China semester events tackle piracy, business
Piracy and business are the watchwords for this week’s China semester activities beginning today in Webster Hall Auditorium.
Dr. Andrew Mertha, assistant professor of political science at Washington University in St. Louis, will make two presentations dealing with those topics.
The first, “The Politics of Piracy: Intellectual Property in Contemporary China” is slated for 9 a.m. today.
Mertha said it will not be a simple primer on Chinese laws.
“Focusing on China laws and regulations is not terribly useful because they are rarely enforced,” he said. “Rather, I will be looking at how local politics affects the production and sales of counterfeit and pirated goods and how foreign firms can and have been making a difference by working with local Chinese governments.”
The presentation is free and open to the public.

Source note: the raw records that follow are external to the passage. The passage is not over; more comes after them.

definition apply_ml :: "nat \<Rightarrow> nat \<Rightarrow> (nat \<Rightarrow> (nat \<Rightarrow> nat) \<Rightarrow> real) \<Rightarrow> (nat \<Rightarrow> nat \<Rightarrow> real) \<Rightarrow> nat \<Rightarrow> real" where
  "apply_ml N M T a i = (\<Sum>s\<in>multi_idx N M. T i s * (\<Prod>k<N. a k (s k)))"

definition vnorm :: "nat \<Rightarrow> (nat \<Rightarrow> real) \<Rightarrow> real" where
  "vnorm n v = sqrt (\<Sum>i<n. (v i)^2)"

definition contraction_ml :: "nat \<Rightarrow> nat \<Rightarrow> nat \<Rightarrow> (nat \<Rightarrow> (nat \<Rightarrow> nat) \<Rightarrow> real) \<Rightarrow> bool" where
  "contraction_ml N M D T = (\<forall>a. vnorm D (apply_ml N M T a) \<le> (\<Prod>k<N. vnorm M (a k)))"

definition norm_preserving_ml :: "nat \<Rightarrow> nat \<Rightarrow> nat \<Rightarrow> (nat \<Rightarrow> (nat \<Rightarrow> nat) \<Rightarrow> real) \<Rightarrow> bool" where
  "norm_preserving_ml N M D T = (\<forall>a. vnorm D (apply_ml N M T a) = (\<Prod>k<N. vnorm M (a k)))"

definition convex_comb_norm_preserving :: "nat \<Rightarrow> nat \<Rightarrow> nat \<Rightarrow> (nat \<Rightarrow> (nat \<Rightarrow> nat) \<Rightarrow> real) \<Rightarrow> bool" where
  "convex_comb_norm_preserving N M D T = (\<exists>(L :: nat set) w U. finite L \<and> (\<forall>l\<in>L. w l \<ge> (0::real))
      \<and> sum w L = 1 \<and> (\<forall>l\<in>L. norm_preserving_ml N M D (U l))
      \<and> (\<forall>i<D. \<forall>s\<in>multi_idx N M. T i s = (\<Sum>l\<in>L. w l * U l i s)))"

definition has_np_dilation :: "nat \<Rightarrow> nat \<Rightarrow> nat \<Rightarrow> (nat \<Rightarrow> (nat \<Rightarrow> nat) \<Rightarrow> real) \<Rightarrow> bool" where
  "has_np_dilation N M D T = (\<exists>D' U. D' \<ge> D \<and> norm_preserving_ml N M D' U
      \<and> (\<forall>i<D. \<forall>s\<in>multi_idx N M. U i s = T i s))"

end

theory Submission
  imports Defs
begin

text \<open>
  Fix a norm-preserving U and a set \<sigma> of tensor factors, and let B be the partial transpose on \<sigma>
  of the Hermitian operator O_i = \<Sum>_s U_{i,s} A_{s_1} \<otimes> ... \<otimes> A_{s_N}. Since \<rho>^{T_\<sigma>} is a
  density operator, the variance inequality gives tr(\<rho>^{T_\<sigma>} B)^2 \<le> tr(\<rho>^{T_\<sigma>} B^2), and
  tr(\<rho>^{T_\<sigma>} B) = tr(\<rho> O_i) is the i-th component of U applied to the expectation values.
  Summed over i and over all 2^N sets \<sigma>, the right-hand sides become \<Sum>_{p,q} c_{p,q} tr(\<rho> A_p A_q),
  where c_{p,q} adds up the Gram coefficients \<Sum>_i U_{i,p'} U_{i,q'} over all ways p', q' of
  exchanging entries between p and q. Polarizing |U(a_1,...,a_N)|^2 = \<Prod>_k |a_k|^2 in every
  argument shows c_{p,q} = 2^N \<delta>_{p,q}, which leaves 2^N \<Sum>_s tr(\<rho> A_s^2). Convex combinations
  follow by convexity of the square, dilations by discarding the extra output coordinates.
\<close>

section \<open>Multi-indices and splicing\<close>

definition splice :: "nat set \<Rightarrow> (nat \<Rightarrow> nat) \<Rightarrow> (nat \<Rightarrow> nat) \<Rightarrow> nat \<Rightarrow> nat" where
  "splice \<sigma> x y = (\<lambda>k. if k \<in> \<sigma> then y k else x k)"

lemma splice_splice [simp]: "splice \<sigma> (splice \<sigma> x y) (splice \<sigma> y x) = x"
  by (auto simp: splice_def)

lemma splice_self [simp]: "splice \<sigma> x x = x"
  by (simp add: splice_def)

lemma apply_splice: "(\<lambda>k. if k \<in> \<sigma> then f k (y k) else f k (x k)) = (\<lambda>k. f k (splice \<sigma> x y k))"
  by (simp add: splice_def fun_eq_iff)

lemma splice_in_PiE: "x \<in> PiE I B \<Longrightarrow> y \<in> PiE I B \<Longrightarrow> splice \<sigma> x y \<in> PiE I B"
  unfolding splice_def by (auto simp: PiE_iff extensional_def)

lemma splice_in_idx: "x \<in> idx N d \<Longrightarrow> y \<in> idx N d \<Longrightarrow> splice \<sigma> x y \<in> idx N d"
  unfolding idx_def by (rule splice_in_PiE)

lemma splice_in_multi_idx: "s \<in> multi_idx N M \<Longrightarrow> s' \<in> multi_idx N M \<Longrightarrow> splice \<sigma> s s' \<in> multi_idx N M"
  unfolding multi_idx_def by (rule splice_in_PiE)

lemma sum_sum_splice:
  assumes "\<And>x y. x \<in> S \<Longrightarrow> y \<in> S \<Longrightarrow> splice \<sigma> x y \<in> S"
  shows "(\<Sum>x\<in>S. \<Sum>y\<in>S. F x y) = (\<Sum>x\<in>S. \<Sum>y\<in>S. F (splice \<sigma> x y) (splice \<sigma> y x))"
proof -
  let ?g = "\<lambda>(x, y). (splice \<sigma> x y, splice \<sigma> y x)"
  have "(\<Sum>x\<in>S. \<Sum>y\<in>S. F x y) = (\<Sum>(x, y)\<in>S \<times> S. F x y)"
    by (simp add: sum.cartesian_product)
  also have "\<dots> = (\<Sum>(x, y)\<in>S \<times> S. F (splice \<sigma> x y) (splice \<sigma> y x))"
    by (rule sum.reindex_bij_witness[where i = ?g and j = ?g]) (auto simp: assms)
  also have "\<dots> = (\<Sum>x\<in>S. \<Sum>y\<in>S. F (splice \<sigma> x y) (splice \<sigma> y x))"
    by (simp add: sum.cartesian_product)
  finally show ?thesis .
qed

lemma finite_multi_idx [simp]: "finite (multi_idx N M)"
  unfolding multi_idx_def by (auto intro!: finite_PiE)

lemma finite_idx [simp]: "finite (idx N d)"
  unfolding idx_def by (auto intro!: finite_PiE)
(* Let $n\ge1$ and let $P=\{(i,j)\colon 1\le i\le j\le n\}$ be the shifted staircase. Then $\sum_{p\in P}\mathbb{1}_p\equiv \frac{n(n+1)}{4}$.
   Context: $P$ is ordered by $(i,j)\le(i',j')$ iff $i\le i'$ and $j\le j'$. $\mathcal{J}(P)$ is the set of order ideals of $P$. For $x\in P$, $I\in\mathcal{J}(P)$: $\mathbb{1}_x(I)=1$ if $x\in I$, else $0$; $T_x^+(I)=1$ if $x$ is a minimal element of $P\setminus I$, else $0$; $T_x^-(I)=1$ if $x$ is a maximal element of $I$, else $0$; $T_x=T_x^+-T_x^-$. For $f,g\colon\mathcal{J}(P)\to\mathbb{R}$, $f\equiv g$ means $f-g=\sum_{x\in P}c_xT_x$ for some real constants $c_x$; a real number denotes the corresponding constant function. *)

theory Defs
  imports Complex_Main "HOL-Library.Product_Order"
begin

text \<open>Posets are finite subsets of nat \<times> nat with the componentwise order
  (i,j) \<le> (i',j') iff i \<le> i' and j \<le> j' (the product order from Product_Order).\<close>

definition shifted_staircase :: "nat \<Rightarrow> (nat \<times> nat) set" where
  "shifted_staircase n = {(i, j). 1 \<le> i \<and> i \<le> j \<and> j \<le> n}"

definition order_ideals :: "(nat \<times> nat) set \<Rightarrow> (nat \<times> nat) set set" where
  "order_ideals P = {I. I \<subseteq> P \<and> (\<forall>x\<in>I. \<forall>y\<in>P. y \<le> x \<longrightarrow> y \<in> I)}"

definition ind :: "nat \<times> nat \<Rightarrow> (nat \<times> nat) set \<Rightarrow> real" where
  "ind x I = (if x \<in> I then 1 else 0)"

definition Tplus :: "(nat \<times> nat) set \<Rightarrow> nat \<times> nat \<Rightarrow> (nat \<times> nat) set \<Rightarrow> real" where
  "Tplus P x I = (if x \<in> P - I \<and> (\<forall>y\<in>P - I. \<not> y < x) then 1 else 0)"

definition Tminus :: "(nat \<times> nat) set \<Rightarrow> nat \<times> nat \<Rightarrow> (nat \<times> nat) set \<Rightarrow> real" where
  "Tminus P x I = (if x \<in> I \<and> (\<forall>y\<in>I. \<not> x < y) then 1 else 0)"

definition toggle :: "(nat \<times> nat) set \<Rightarrow> nat \<times> nat \<Rightarrow> (nat \<times> nat) set \<Rightarrow> real" where
  "toggle P x I = Tplus P x I - Tminus P x I"

definition toggle_equiv :: "(nat \<times> nat) set \<Rightarrow> ((nat \<times> nat) set \<Rightarrow> real) \<Rightarrow> ((nat \<times> nat) set \<Rightarrow> real) \<Rightarrow> bool" where
  "toggle_equiv P f g \<longleftrightarrow> (\<exists>c :: nat \<times> nat \<Rightarrow> real. \<forall>I\<in>order_ideals P.
      f I - g I = (\<Sum>x\<in>P. c x * toggle P x I))"

end

theory Submission
  imports Defs
begin
definition levi_civita :: "3 \<Rightarrow> 3 \<Rightarrow> 3 \<Rightarrow> complex" where
  "levi_civita i j k =
    (if (i, j, k) = (1, 2, 3) \<or> (i, j, k) = (2, 3, 1) \<or> (i, j, k) = (3, 1, 2) then 1
     else if (i, j, k) = (1, 3, 2) \<or> (i, j, k) = (3, 2, 1) \<or> (i, j, k) = (2, 1, 3) then -1
     else 0)"

text \<open>The rows \<open>M\<^sub>s\<close> of the matrix of \<open>b \<mapsto> \<alpha> \<and> b\<close> satisfy \<open>\<Sum>\<^sub>s \<alpha>\<^sub>s M\<^sub>s = 0\<close>: if \<open>\<alpha>\<^sub>k \<noteq> 0\<close>, row
  \<open>k\<close> is a combination of the other two, and if \<open>\<alpha>\<^sub>1 = \<alpha>\<^sub>2 = 0\<close> the third row vanishes.\<close>

lemma levi_civita_contraction_decomposition:
  fixes \<alpha> :: "3 \<Rightarrow> complex"
  shows "\<exists>X Y :: nat \<Rightarrow> 3 \<Rightarrow> complex.
    \<forall>s p. (\<Sum>x\<in>UNIV. levi_civita x p s * \<alpha> x) = (\<Sum>i<2. X i s * Y i p)"
proof -
  define M where "M s p = (\<Sum>x\<in>UNIV. levi_civita x p s * \<alpha> x)" for s p
  obtain X0 X1 :: "3 \<Rightarrow> complex" and s1 s2 :: 3
    where rows: "\<forall>s p. M s p = X0 s * M s1 p + X1 s * M s2 p"
  proof (cases "\<alpha> 1 \<noteq> 0")
    case True
    show ?thesis
      by (rule that[of "\<lambda>s. if s = 2 then 1 else if s = 1 then - \<alpha> 2 / \<alpha> 1 else 0" 2
            "\<lambda>s. if s = 3 then 1 else if s = 1 then - \<alpha> 3 / \<alpha> 1 else 0" 3])
        (use True in \<open>simp add: M_def forall_3 sum_3 levi_civita_def field_simps\<close>)
  next
    case False
    show ?thesis
    proof (cases "\<alpha> 2 \<noteq> 0")
      case True
      show ?thesis
        by (rule that[of "\<lambda>s. if s = 1 then 1 else if s = 2 then - \<alpha> 1 / \<alpha> 2 else 0" 1
            "\<lambda>s. if s = 3 then 1 else if s = 2 then - \<alpha> 3 / \<alpha> 2 else 0" 3])
          (use True in \<open>simp add: M_def forall_3 sum_3 levi_civita_def field_simps\<close>)
    next
      case False
      show ?thesis
        by (rule that[of "\<lambda>s. if s = 1 then 1 else 0" 1
            "\<lambda>s. if s = 2 then 1 else 0" 2])
          (use \<open>\<not> \<alpha> 1 \<noteq> 0\<close> False in \<open>simp add: M_def forall_3 sum_3 levi_civita_def\<close>)
    qed
  qed
  define X :: "nat \<Rightarrow> 3 \<Rightarrow> complex" where "X i = (if i = 0 then X0 else X1)" for i
  define Y :: "nat \<Rightarrow> 3 \<Rightarrow> complex" where "Y i = (if i = 0 then M s1 else M s2)" for i
  have "M s p = (\<Sum>i<2. X i s * Y i p)" for s p
    using rows[rule_format, of s p] by (simp add: X_def Y_def eval_nat_numeral)
  then show ?thesis
    unfolding M_def by blast
qed

text \<open>The Koszul flattening \<open>e\<^sub>p \<otimes> e\<^sub>q \<mapsto> \<Sum>\<^sub>x (e\<^sub>x \<and> e\<^sub>p) \<otimes> T(e\<^sub>x, e\<^sub>q, -)\<close>, with
  \<open>\<Lambda>\<^sup>2\<complex>\<^sup>3 \<cong> \<complex>\<^sup>3\<close> via \<open>\<epsilon>\<close>: columns are indexed by \<open>(p, q)\<close>, rows by a \<open>\<Lambda>\<^sup>2\<close> coordinate and
  a coordinate of the third factor.\<close>

definition koszul_flattening :: "(3 \<Rightarrow> 3 \<Rightarrow> 3 \<Rightarrow> complex) \<Rightarrow> complex^(3 \<times> 3)^(3 \<times> 3)" where
  "koszul_flattening T =
    (\<chi> r c. \<Sum>x\<in>UNIV. levi_civita x (fst c) (fst r) * T x (snd c) (snd r))"

lemma koszul_flattening_sum:
  "koszul_flattening (\<lambda>x y z. \<Sum>l\<in>L. T l x y z) = (\<Sum>l\<in>L. koszul_flattening (T l))"
  unfolding koszul_flattening_def
  by (simp add: vec_eq_iff sum_distrib_left sum.swap[of _ L])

One of the principal assumptions about Sino-U.S. trade negotiations is that once the U.S. and China come to an agreement, the degree to which implementation will be successful is a function of Beijing’s will. Mertha argues that this assumption is fundamentally flawed, that policy implementation is shaped by the actual contours of particular bureaucracies, quite independent of Beijing’s preferences. He uses the case of intellectual property to illustrate these claims.
The second presentation, “Six Things That Every Businessperson Should Know About China,” will take place at 11 a.m. today in Cornell Auditorium in Plaster Hall.
Mertha said the presentation will be more entertaining than the advance literature might indicate.
“The six lessons are pretty much a template by which to understand what goes on in local Chinese politics for anybody seeking to engage or relying upon Chinese government assistance,” he said.
“This may appeal to businesspeople, but it would be useful to anybody and everybody — study abroad students, students of Chinese politics, economics and business and even those simply trying to understand what is really going on in China.”
This presentation is also free and open to all.
Mertha has a B.A. and a Ph.D. from the University of Michigan and is the author of two books: Water Warriors: Political Pluralization in China’s Hydropower Policy (estimated publication date, March 2008) and The Politics of Piracy: Intellectual Property in Contemporary China.
He has been a visiting scholar at Beijing Uni-versity’s Research Center for Contemporary China and at Stanford’s Asia/Pacific Research Center.